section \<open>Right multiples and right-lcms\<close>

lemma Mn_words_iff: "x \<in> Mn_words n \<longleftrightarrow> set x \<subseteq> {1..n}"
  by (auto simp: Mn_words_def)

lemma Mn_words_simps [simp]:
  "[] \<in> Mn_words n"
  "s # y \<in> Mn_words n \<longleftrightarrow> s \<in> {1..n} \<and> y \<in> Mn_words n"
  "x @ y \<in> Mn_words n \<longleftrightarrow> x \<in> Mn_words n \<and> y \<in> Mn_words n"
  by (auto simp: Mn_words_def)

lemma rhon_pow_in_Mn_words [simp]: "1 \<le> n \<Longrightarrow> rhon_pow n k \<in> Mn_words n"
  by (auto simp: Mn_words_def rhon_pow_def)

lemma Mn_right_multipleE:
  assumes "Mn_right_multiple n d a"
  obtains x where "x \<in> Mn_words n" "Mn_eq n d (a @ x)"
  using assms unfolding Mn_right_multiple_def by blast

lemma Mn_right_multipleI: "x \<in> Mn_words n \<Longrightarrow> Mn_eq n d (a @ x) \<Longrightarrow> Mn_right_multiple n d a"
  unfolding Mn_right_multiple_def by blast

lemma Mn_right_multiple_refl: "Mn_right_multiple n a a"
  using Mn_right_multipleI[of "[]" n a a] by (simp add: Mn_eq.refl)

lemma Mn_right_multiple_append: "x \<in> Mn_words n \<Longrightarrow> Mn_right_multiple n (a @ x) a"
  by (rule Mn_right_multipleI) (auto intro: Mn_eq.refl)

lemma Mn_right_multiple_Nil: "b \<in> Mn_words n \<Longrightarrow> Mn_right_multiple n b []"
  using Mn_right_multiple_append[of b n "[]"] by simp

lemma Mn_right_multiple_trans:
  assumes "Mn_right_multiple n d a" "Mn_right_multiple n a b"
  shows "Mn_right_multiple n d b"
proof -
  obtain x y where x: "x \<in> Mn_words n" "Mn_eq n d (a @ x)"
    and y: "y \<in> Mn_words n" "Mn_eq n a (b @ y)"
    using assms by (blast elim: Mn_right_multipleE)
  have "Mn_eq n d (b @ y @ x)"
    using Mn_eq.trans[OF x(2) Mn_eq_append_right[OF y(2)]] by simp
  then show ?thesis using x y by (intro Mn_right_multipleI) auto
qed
• • • •
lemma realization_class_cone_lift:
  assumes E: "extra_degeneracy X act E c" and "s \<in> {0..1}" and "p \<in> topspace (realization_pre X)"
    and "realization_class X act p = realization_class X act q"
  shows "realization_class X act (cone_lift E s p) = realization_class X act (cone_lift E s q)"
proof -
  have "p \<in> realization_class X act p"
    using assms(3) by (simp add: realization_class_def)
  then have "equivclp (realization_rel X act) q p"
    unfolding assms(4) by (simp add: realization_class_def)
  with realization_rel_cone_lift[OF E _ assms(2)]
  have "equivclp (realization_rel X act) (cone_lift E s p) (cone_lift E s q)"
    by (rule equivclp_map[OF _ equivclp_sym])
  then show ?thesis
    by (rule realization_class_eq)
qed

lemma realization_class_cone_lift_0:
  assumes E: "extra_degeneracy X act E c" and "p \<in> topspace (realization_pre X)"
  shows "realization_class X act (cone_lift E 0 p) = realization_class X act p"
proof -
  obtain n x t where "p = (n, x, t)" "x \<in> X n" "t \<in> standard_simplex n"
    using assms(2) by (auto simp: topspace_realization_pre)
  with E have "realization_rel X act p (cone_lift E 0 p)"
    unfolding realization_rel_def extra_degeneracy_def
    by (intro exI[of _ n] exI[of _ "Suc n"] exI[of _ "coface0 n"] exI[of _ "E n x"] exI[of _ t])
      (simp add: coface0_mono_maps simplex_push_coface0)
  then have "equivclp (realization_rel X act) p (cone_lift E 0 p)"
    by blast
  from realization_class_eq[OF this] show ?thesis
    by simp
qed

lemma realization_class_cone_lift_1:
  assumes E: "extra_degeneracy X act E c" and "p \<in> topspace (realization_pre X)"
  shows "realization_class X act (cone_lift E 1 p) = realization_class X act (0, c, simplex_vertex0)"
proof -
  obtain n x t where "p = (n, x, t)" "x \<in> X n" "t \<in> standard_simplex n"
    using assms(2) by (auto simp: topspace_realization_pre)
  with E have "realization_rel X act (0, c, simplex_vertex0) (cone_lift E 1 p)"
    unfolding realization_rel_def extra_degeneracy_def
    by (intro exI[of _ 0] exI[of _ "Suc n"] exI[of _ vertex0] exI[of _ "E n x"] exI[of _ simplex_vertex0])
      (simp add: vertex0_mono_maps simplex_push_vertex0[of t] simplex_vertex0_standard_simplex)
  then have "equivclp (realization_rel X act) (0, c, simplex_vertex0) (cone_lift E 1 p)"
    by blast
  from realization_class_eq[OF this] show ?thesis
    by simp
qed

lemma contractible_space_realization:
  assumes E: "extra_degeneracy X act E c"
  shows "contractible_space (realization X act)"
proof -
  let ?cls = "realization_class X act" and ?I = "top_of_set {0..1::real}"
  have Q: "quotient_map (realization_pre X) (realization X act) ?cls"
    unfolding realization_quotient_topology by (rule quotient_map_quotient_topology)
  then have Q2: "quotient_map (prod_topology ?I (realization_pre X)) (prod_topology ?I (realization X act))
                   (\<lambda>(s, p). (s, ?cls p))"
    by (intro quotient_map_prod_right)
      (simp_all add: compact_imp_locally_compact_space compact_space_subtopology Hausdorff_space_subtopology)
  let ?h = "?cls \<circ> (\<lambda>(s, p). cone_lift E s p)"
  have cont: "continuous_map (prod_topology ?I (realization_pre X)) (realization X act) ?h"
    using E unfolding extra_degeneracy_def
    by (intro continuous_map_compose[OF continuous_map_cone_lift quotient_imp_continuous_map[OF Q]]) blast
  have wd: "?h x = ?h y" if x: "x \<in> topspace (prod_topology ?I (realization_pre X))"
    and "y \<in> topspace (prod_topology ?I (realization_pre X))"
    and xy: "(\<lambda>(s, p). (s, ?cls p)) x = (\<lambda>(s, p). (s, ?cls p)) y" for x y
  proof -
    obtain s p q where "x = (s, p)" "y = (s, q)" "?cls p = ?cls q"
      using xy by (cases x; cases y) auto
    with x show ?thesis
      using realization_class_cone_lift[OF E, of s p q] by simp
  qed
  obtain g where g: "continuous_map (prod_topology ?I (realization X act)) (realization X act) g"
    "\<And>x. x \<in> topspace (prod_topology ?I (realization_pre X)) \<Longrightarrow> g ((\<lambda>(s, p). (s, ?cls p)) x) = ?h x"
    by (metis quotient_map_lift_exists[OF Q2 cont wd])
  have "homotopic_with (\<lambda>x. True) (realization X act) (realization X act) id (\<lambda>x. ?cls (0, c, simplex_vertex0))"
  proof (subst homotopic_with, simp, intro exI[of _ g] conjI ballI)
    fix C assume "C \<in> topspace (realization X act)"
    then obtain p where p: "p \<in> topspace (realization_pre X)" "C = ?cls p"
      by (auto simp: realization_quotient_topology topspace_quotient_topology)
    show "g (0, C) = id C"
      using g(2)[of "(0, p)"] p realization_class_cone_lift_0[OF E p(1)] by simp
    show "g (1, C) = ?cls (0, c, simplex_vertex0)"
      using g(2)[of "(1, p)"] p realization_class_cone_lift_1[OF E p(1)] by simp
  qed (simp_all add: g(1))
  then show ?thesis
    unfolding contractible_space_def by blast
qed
• • • •
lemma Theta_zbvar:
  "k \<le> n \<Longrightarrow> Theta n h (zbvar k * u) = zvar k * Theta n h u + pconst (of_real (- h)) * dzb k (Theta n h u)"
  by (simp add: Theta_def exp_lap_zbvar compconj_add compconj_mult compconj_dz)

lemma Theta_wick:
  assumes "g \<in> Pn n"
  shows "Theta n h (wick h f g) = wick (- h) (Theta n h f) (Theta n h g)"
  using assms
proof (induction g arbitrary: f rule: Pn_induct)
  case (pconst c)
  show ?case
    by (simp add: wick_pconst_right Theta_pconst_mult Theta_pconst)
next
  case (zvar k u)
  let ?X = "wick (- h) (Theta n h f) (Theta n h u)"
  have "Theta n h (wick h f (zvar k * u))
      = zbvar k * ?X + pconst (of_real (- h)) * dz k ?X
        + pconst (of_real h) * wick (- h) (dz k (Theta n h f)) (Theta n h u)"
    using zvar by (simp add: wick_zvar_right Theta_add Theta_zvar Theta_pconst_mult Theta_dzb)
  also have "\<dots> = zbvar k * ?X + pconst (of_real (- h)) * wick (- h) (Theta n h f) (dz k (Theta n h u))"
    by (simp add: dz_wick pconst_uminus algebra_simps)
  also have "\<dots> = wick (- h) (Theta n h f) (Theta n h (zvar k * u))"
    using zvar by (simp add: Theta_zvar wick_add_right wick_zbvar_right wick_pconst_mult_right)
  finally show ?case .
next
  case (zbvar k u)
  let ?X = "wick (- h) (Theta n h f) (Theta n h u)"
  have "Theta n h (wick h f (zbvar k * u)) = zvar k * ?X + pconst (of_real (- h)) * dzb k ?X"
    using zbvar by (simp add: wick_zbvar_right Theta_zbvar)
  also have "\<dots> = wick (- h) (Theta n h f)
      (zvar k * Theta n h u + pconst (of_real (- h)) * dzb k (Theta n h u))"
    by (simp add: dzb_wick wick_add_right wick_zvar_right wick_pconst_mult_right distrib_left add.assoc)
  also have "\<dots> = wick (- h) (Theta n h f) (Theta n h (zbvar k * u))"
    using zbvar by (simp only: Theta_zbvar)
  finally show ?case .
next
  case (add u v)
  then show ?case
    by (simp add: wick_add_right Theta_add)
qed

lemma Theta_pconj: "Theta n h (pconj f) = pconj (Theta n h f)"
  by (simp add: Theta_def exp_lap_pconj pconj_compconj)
• • • •
Task to carry out:
Using the records above, write out exactly the lines between the one holding "section \<open>Right multiples" and the one holding "# y \<in> Mn_words", inclusive; leave everything else out.

Result:
section \<open>Right multiples and right-lcms\<close>

lemma Mn_words_iff: "x \<in> Mn_words n \<longleftrightarrow> set x \<subseteq> {1..n}"
  by (auto simp: Mn_words_def)

lemma Mn_words_simps [simp]:
  "[] \<in> Mn_words n"
  "s # y \<in> Mn_words n \<longleftrightarrow> s \<in> {1..n} \<and> y \<in> Mn_words n"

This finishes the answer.